Start of Block

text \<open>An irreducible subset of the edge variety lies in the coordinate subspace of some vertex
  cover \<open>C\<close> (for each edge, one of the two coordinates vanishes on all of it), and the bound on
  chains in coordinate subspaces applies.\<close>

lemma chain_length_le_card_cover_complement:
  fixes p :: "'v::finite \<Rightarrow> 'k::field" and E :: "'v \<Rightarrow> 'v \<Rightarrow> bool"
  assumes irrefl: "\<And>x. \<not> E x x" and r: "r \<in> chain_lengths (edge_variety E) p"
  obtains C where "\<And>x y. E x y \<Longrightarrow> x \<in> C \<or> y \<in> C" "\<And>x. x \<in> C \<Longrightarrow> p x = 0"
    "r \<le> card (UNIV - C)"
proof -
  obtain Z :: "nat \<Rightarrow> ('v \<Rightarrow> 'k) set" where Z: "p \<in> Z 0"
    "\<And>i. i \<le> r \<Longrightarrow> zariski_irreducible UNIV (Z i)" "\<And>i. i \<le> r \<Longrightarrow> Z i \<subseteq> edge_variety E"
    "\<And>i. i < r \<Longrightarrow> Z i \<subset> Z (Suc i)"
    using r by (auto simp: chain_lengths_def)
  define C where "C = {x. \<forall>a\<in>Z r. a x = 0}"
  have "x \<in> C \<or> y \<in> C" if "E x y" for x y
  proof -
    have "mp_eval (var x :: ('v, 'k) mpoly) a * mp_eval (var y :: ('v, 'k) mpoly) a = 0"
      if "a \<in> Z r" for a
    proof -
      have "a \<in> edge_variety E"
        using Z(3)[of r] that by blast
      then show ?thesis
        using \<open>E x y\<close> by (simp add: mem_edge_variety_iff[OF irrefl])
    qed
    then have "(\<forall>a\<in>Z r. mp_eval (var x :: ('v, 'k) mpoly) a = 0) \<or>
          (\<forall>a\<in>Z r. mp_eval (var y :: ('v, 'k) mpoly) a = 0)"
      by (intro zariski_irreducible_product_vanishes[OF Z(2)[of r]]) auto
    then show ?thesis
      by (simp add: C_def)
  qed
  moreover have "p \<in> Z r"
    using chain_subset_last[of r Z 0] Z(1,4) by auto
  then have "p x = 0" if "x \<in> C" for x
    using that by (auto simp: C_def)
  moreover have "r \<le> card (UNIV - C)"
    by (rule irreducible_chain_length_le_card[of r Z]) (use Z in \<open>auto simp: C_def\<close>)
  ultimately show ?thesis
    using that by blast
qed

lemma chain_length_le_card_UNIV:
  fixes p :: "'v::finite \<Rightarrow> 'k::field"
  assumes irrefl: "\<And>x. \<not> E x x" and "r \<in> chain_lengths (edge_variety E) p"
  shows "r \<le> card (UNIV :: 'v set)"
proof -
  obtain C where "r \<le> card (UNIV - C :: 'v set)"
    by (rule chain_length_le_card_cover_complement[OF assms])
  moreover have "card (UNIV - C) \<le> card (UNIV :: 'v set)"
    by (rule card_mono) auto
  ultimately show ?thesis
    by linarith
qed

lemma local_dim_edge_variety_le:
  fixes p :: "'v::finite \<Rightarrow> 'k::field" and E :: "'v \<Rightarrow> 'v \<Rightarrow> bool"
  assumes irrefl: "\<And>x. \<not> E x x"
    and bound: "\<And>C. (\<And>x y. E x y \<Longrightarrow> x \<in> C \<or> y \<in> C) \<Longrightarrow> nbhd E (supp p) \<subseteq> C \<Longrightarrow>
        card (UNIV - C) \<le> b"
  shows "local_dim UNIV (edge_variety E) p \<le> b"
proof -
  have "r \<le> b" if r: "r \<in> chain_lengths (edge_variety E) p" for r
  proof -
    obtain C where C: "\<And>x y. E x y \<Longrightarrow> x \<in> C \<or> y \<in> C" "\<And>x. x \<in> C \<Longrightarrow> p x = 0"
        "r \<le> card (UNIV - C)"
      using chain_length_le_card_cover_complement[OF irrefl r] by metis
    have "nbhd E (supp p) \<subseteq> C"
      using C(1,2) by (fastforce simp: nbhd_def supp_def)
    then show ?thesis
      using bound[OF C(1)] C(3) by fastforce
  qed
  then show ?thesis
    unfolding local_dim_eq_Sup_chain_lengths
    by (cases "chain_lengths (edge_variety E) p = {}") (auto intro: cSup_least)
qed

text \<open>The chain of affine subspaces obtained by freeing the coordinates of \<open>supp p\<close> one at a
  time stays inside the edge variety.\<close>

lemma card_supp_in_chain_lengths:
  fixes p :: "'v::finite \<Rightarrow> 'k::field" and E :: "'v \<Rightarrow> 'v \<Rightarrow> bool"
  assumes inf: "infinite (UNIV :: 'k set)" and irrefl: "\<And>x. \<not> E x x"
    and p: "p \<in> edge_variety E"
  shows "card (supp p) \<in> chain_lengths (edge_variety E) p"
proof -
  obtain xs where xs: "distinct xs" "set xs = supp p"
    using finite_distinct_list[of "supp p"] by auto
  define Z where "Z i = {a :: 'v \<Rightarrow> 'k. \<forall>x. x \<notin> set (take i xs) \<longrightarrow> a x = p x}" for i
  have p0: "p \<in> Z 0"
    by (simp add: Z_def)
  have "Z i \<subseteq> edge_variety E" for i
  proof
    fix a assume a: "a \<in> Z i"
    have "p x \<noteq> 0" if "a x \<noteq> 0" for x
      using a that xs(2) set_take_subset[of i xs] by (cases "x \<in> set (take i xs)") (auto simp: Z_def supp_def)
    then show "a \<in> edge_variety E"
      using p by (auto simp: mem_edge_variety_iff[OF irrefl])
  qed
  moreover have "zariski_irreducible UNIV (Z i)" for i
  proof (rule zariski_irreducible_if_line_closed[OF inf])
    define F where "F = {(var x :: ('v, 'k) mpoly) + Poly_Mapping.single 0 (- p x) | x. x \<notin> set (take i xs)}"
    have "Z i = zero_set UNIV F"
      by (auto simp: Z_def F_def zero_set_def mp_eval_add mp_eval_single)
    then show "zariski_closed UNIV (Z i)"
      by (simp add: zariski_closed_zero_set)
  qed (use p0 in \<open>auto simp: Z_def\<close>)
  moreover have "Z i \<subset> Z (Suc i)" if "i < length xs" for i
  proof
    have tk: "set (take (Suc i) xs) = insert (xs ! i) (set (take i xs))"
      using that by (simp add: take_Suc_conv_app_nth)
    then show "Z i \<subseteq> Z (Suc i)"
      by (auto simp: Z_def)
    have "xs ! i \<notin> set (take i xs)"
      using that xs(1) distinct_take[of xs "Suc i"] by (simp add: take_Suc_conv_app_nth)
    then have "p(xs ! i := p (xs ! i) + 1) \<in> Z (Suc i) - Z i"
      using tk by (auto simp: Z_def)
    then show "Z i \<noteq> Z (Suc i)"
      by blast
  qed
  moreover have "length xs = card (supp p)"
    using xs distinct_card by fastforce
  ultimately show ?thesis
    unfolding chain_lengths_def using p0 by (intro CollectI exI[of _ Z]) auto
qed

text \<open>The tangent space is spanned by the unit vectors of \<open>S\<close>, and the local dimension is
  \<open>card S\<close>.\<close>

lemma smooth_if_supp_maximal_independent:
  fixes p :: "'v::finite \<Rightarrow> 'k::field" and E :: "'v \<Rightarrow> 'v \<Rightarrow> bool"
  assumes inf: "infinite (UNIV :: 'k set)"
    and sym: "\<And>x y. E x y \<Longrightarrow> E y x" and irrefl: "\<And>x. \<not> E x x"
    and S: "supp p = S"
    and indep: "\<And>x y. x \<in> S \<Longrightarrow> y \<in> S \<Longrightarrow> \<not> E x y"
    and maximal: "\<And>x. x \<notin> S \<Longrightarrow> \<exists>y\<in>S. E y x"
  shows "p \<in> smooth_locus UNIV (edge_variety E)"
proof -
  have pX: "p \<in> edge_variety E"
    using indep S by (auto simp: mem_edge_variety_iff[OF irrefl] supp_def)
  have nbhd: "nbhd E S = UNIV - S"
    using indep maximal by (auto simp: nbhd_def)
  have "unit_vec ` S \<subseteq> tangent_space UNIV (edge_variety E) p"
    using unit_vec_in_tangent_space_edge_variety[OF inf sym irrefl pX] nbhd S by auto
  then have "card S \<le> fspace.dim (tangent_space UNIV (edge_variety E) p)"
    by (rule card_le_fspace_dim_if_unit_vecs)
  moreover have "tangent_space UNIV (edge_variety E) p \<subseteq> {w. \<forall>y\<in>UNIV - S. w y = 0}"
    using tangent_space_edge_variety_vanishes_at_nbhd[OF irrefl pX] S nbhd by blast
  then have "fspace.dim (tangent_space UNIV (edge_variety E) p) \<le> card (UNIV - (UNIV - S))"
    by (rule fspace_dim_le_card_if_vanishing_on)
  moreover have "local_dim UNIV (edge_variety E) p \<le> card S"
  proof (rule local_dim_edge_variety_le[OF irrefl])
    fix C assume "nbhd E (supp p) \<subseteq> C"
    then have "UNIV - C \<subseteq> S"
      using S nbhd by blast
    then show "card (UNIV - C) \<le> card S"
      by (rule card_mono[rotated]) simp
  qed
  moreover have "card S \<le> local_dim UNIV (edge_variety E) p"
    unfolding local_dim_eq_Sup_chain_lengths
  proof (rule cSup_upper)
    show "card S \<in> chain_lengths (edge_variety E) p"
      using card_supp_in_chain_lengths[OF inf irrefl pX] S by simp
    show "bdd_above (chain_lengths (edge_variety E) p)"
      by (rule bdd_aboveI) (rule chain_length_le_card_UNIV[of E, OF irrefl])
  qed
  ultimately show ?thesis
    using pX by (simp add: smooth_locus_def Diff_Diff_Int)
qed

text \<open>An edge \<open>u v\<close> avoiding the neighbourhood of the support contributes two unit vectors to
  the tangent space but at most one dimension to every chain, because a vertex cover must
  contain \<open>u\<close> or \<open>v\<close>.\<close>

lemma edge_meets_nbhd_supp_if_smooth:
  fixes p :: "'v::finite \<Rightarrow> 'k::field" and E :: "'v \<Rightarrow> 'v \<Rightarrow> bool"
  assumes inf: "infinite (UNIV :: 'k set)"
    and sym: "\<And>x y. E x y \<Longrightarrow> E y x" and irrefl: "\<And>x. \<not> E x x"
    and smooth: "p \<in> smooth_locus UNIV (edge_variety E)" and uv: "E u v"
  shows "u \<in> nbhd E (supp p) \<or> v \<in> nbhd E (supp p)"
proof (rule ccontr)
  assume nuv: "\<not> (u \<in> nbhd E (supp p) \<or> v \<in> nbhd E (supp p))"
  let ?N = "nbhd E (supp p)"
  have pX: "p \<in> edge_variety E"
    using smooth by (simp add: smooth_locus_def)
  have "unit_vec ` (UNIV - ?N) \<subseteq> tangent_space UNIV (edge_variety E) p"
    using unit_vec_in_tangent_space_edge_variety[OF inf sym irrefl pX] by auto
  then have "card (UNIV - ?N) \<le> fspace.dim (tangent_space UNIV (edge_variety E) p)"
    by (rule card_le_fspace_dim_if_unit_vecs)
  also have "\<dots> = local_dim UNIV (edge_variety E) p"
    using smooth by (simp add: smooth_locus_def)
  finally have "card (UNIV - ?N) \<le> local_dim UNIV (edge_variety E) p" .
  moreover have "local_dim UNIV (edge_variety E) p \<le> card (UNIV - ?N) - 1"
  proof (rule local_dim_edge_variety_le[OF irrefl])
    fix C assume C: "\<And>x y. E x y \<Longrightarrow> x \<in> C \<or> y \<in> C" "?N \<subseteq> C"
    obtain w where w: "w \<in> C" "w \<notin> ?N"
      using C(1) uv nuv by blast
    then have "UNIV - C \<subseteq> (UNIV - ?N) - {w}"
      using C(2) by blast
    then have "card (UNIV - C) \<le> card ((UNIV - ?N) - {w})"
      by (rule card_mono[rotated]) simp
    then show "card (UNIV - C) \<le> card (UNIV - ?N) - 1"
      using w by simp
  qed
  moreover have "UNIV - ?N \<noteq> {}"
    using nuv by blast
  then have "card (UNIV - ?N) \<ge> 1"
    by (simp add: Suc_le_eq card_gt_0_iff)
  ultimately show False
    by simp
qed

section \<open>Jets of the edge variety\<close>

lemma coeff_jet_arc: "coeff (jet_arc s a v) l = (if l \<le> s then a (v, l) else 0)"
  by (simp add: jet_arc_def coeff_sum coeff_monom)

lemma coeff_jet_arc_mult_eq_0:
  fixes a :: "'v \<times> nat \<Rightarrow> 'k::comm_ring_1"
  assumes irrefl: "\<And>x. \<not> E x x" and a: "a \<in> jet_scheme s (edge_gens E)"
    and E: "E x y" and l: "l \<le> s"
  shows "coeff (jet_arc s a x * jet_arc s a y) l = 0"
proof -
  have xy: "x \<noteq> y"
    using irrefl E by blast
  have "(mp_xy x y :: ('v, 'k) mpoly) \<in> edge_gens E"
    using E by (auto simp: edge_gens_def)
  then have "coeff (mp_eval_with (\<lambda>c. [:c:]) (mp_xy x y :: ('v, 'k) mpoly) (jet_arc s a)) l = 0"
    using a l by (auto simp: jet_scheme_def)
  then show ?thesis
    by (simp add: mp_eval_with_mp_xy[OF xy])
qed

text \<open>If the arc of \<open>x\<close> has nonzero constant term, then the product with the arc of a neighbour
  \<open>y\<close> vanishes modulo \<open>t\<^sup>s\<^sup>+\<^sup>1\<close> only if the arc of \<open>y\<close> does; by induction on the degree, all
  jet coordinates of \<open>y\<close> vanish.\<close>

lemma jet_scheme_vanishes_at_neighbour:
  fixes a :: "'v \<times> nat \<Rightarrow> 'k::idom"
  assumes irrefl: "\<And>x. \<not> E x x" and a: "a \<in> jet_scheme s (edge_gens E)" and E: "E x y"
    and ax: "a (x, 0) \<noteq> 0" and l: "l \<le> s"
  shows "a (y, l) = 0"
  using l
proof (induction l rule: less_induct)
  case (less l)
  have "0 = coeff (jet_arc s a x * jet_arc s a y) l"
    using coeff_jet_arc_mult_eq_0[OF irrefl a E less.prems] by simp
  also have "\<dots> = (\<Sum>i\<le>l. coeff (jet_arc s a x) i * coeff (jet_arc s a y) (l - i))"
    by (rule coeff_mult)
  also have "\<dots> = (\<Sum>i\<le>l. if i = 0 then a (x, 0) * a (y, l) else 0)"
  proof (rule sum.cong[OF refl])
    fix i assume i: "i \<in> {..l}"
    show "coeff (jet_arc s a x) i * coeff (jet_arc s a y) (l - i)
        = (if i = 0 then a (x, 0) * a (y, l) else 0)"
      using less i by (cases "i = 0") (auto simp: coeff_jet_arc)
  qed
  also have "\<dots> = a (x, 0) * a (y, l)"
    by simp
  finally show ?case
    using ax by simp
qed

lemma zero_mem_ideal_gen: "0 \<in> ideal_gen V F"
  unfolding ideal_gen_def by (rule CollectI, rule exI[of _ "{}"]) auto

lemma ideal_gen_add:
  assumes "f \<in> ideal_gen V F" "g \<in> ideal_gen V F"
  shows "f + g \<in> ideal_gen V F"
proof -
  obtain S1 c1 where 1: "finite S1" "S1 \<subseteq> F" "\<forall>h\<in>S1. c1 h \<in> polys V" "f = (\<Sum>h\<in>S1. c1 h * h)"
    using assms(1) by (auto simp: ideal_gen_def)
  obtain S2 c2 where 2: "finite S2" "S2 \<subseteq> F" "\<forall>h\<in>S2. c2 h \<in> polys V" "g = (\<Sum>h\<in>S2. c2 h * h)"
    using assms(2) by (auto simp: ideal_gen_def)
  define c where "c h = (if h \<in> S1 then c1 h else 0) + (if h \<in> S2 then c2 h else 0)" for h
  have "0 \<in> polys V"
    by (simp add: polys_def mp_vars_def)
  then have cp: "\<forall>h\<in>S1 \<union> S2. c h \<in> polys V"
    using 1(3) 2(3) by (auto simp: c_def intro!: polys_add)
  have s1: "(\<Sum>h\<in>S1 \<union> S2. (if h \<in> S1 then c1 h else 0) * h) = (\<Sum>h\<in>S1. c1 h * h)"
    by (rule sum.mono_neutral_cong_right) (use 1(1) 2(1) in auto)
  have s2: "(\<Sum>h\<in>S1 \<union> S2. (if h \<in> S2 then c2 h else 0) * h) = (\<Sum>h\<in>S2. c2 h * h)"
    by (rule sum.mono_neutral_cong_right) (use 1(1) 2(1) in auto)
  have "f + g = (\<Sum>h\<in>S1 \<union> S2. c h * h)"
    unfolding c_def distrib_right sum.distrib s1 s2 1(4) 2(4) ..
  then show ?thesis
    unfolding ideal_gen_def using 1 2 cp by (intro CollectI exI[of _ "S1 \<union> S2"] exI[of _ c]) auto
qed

End of Block

PROBLEM DETAILS - Using the entries, return every line where the word "vertex" can be found.

SOLVED EXERCISE -
text \<open>An irreducible subset of the edge variety lies in the coordinate subspace of some vertex
  the tangent space but at most one dimension to every chain, because a vertex cover must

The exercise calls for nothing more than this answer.